Kennedy writes cover story for Time magazine: Dr. David M. Kennedy, part-time San Juan Island resident and Pulitzer Prize-winning historian, wrote the lead feature in Time magazine’s annual Making of America issue, July 6.

Kennedy’s article, “FDR’s Lessons for Obama,” showed how Roosevelt used the Great Depression as an opportunity to revolutionize American life, and proposed that President Obama might use the current crisis to do something similar.

“Like F.D.R., Obama must take measures to turn the economy around,” Kennedy concluded. “If he doesn’t, he’ll go down in the history books as another Hoover. But to warrant comparison with Roosevelt, he will be judged not simply on whether he manages a rescue from the current economic crisis but also on whether he grasps the opportunity to make us more resilient to face those future crises that inevitably await us.”

Kennedy is a history professor at Stanford University and is the author of “Freedom from Fear: The American People in Depression and War, 1929-1945,” which won the 2000 Pulitzer Prize for history. He also wrote the foreword for the book “Friday Harbor” by Mike and Julia Vouri and the San Juan Historical Society.

Distinguished — and surprise — visitor: July 5, islanders and visitors were impressed by the sight of The World, the luxury residential ship that anchored in Griffin Bay for 48 hours.

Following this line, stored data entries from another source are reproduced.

lemma McDiarmid_mgf_bound:
  fixes g :: "(nat \<Rightarrow> 'a) \<Rightarrow> real" and B c l :: real
  assumes l: "l > 0"
  shows "g \<in> borel_measurable (sample_space n M) \<Longrightarrow>
    (\<And>D. D \<in> space (sample_space n M) \<Longrightarrow> \<bar>g D\<bar> \<le> B) \<Longrightarrow> bounded_differences M n c g \<Longrightarrow>
    (\<integral>\<^sup>+D. ennreal (exp (l * (g D - (\<integral>D. g D \<partial>sample_space n M)))) \<partial>sample_space n M)
      \<le> ennreal (exp (l\<^sup>2 * real n * c\<^sup>2 / 8))"
proof (induction n arbitrary: g)
  case 0
  show ?case
    by (simp add: PiM_empty lebesgue_integral_count_space_finite nn_integral_count_space_finite)
next
  case (Suc n)
  note g = Suc.prems(1) and B = Suc.prems(2) and c = Suc.prems(3)
  define h where "h D = (\<integral>z. g (D(n:=z)) \<partial>M)" for D
  define E where "E = (\<integral>D. h D \<partial>sample_space n M)"
  have h: "h \<in> borel_measurable (sample_space n M)"
    unfolding h_def by (rule measurable_fiber_average[OF g])
  have IH: "(\<integral>\<^sup>+D. ennreal (exp (l * (h D - E))) \<partial>sample_space n M) \<le> ennreal (exp (l\<^sup>2 * real n * c\<^sup>2 / 8))"
    unfolding E_def h_def using abs_fiber_average_le[OF g B]
    by (intro Suc.IH measurable_fiber_average[OF g] bounded_differences_fiber_average[OF g B c]) auto
  interpret Q: prob_space "sample_space (Suc n) M" by (intro prob_space_PiM prob_space_axioms)
  have "integrable (sample_space (Suc n) M) g"
    by (rule Q.integrable_const_bound[where B = B]) (auto intro!: AE_I2 B g)
  then have E: "(\<integral>D. g D \<partial>sample_space (Suc n) M) = E"
    unfolding E_def h_def by (rule integral_sample_space_Suc)
  have fiber_mgf: "(\<integral>\<^sup>+z. ennreal (exp (l * (g (D(n:=z)) - h D))) \<partial>M) \<le> ennreal (exp (l\<^sup>2 * c\<^sup>2 / 8))"
    if D: "D \<in> space (sample_space n M)" for D
    unfolding h_def
    by (rule Hoeffdings_lemma_oscillation[OF l measurable_fiber[OF g D] fiber_oscillation_le[OF c D]])
  have "(\<integral>\<^sup>+D. ennreal (exp (l * (g D - E))) \<partial>sample_space (Suc n) M)
      = (\<integral>\<^sup>+D. (\<integral>\<^sup>+z. ennreal (exp (l * (h D - E))) * ennreal (exp (l * (g (D(n:=z)) - h D))) \<partial>M)
          \<partial>sample_space n M)"
  proof (subst nn_integral_sample_space_Suc)
    show "(\<lambda>D. ennreal (exp (l * (g D - E)))) \<in> borel_measurable (sample_space (Suc n) M)"
      using g by measurable
  qed (simp add: ennreal_mult[symmetric] exp_add[symmetric] algebra_simps)
  also have "\<dots> = (\<integral>\<^sup>+D. ennreal (exp (l * (h D - E)))
      * (\<integral>\<^sup>+z. ennreal (exp (l * (g (D(n:=z)) - h D))) \<partial>M) \<partial>sample_space n M)"
    by (intro nn_integral_cong nn_integral_cmult) (use measurable_fiber[OF g] in measurable)
  also have "\<dots> \<le> (\<integral>\<^sup>+D. ennreal (exp (l * (h D - E))) * ennreal (exp (l\<^sup>2 * c\<^sup>2 / 8)) \<partial>sample_space n M)"
    by (intro nn_integral_mono mult_left_mono fiber_mgf) auto
  also have "\<dots> = (\<integral>\<^sup>+D. ennreal (exp (l * (h D - E))) \<partial>sample_space n M) * ennreal (exp (l\<^sup>2 * c\<^sup>2 / 8))"
    by (rule nn_integral_multc) (use h in measurable)
  also have "\<dots> \<le> ennreal (exp (l\<^sup>2 * real n * c\<^sup>2 / 8)) * ennreal (exp (l\<^sup>2 * c\<^sup>2 / 8))"
    by (rule mult_right_mono[OF IH]) simp
  also have "\<dots> = ennreal (exp (l\<^sup>2 * real (Suc n) * c\<^sup>2 / 8))"
    by (simp add: ennreal_mult[symmetric] exp_add[symmetric] algebra_simps add_divide_distrib)
  finally show ?case by (simp add: E)
qed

Among the ship’s passengers: Henry Bennion Eyring, the 10th most senior apostle in The Church of Jesus Christ of Latter-day Saints.

According to a church member, Eyring attended services on Sunday at the LDS Church on Lampard Road in Friday Harbor.

Eyring, 76, is first counselor to LDS President Thomas S. Monson. He has also served in the Quorum of the Twelve Apostles, the presiding bishopric, First Quorum of the Seventy, and as commissioner of church education.

According to an online biography, Eyring — a career educator — was associate professor of business at the Stanford Graduate School of Business from 1962-1971, and president of Ricks College from 1971-77. He was also a Sloan Visiting Faculty Fellow at the Massachusetts Institute of Technology.

Just when you thought it was safe to go on vacation: My Molly and I went on an Alaska cruise in early June. When I returned, I found office mail addressed to “Richard Walker or Current Occupant.”

Staff Writer Scott Rasmussen apparently did a pretty good job as the interim.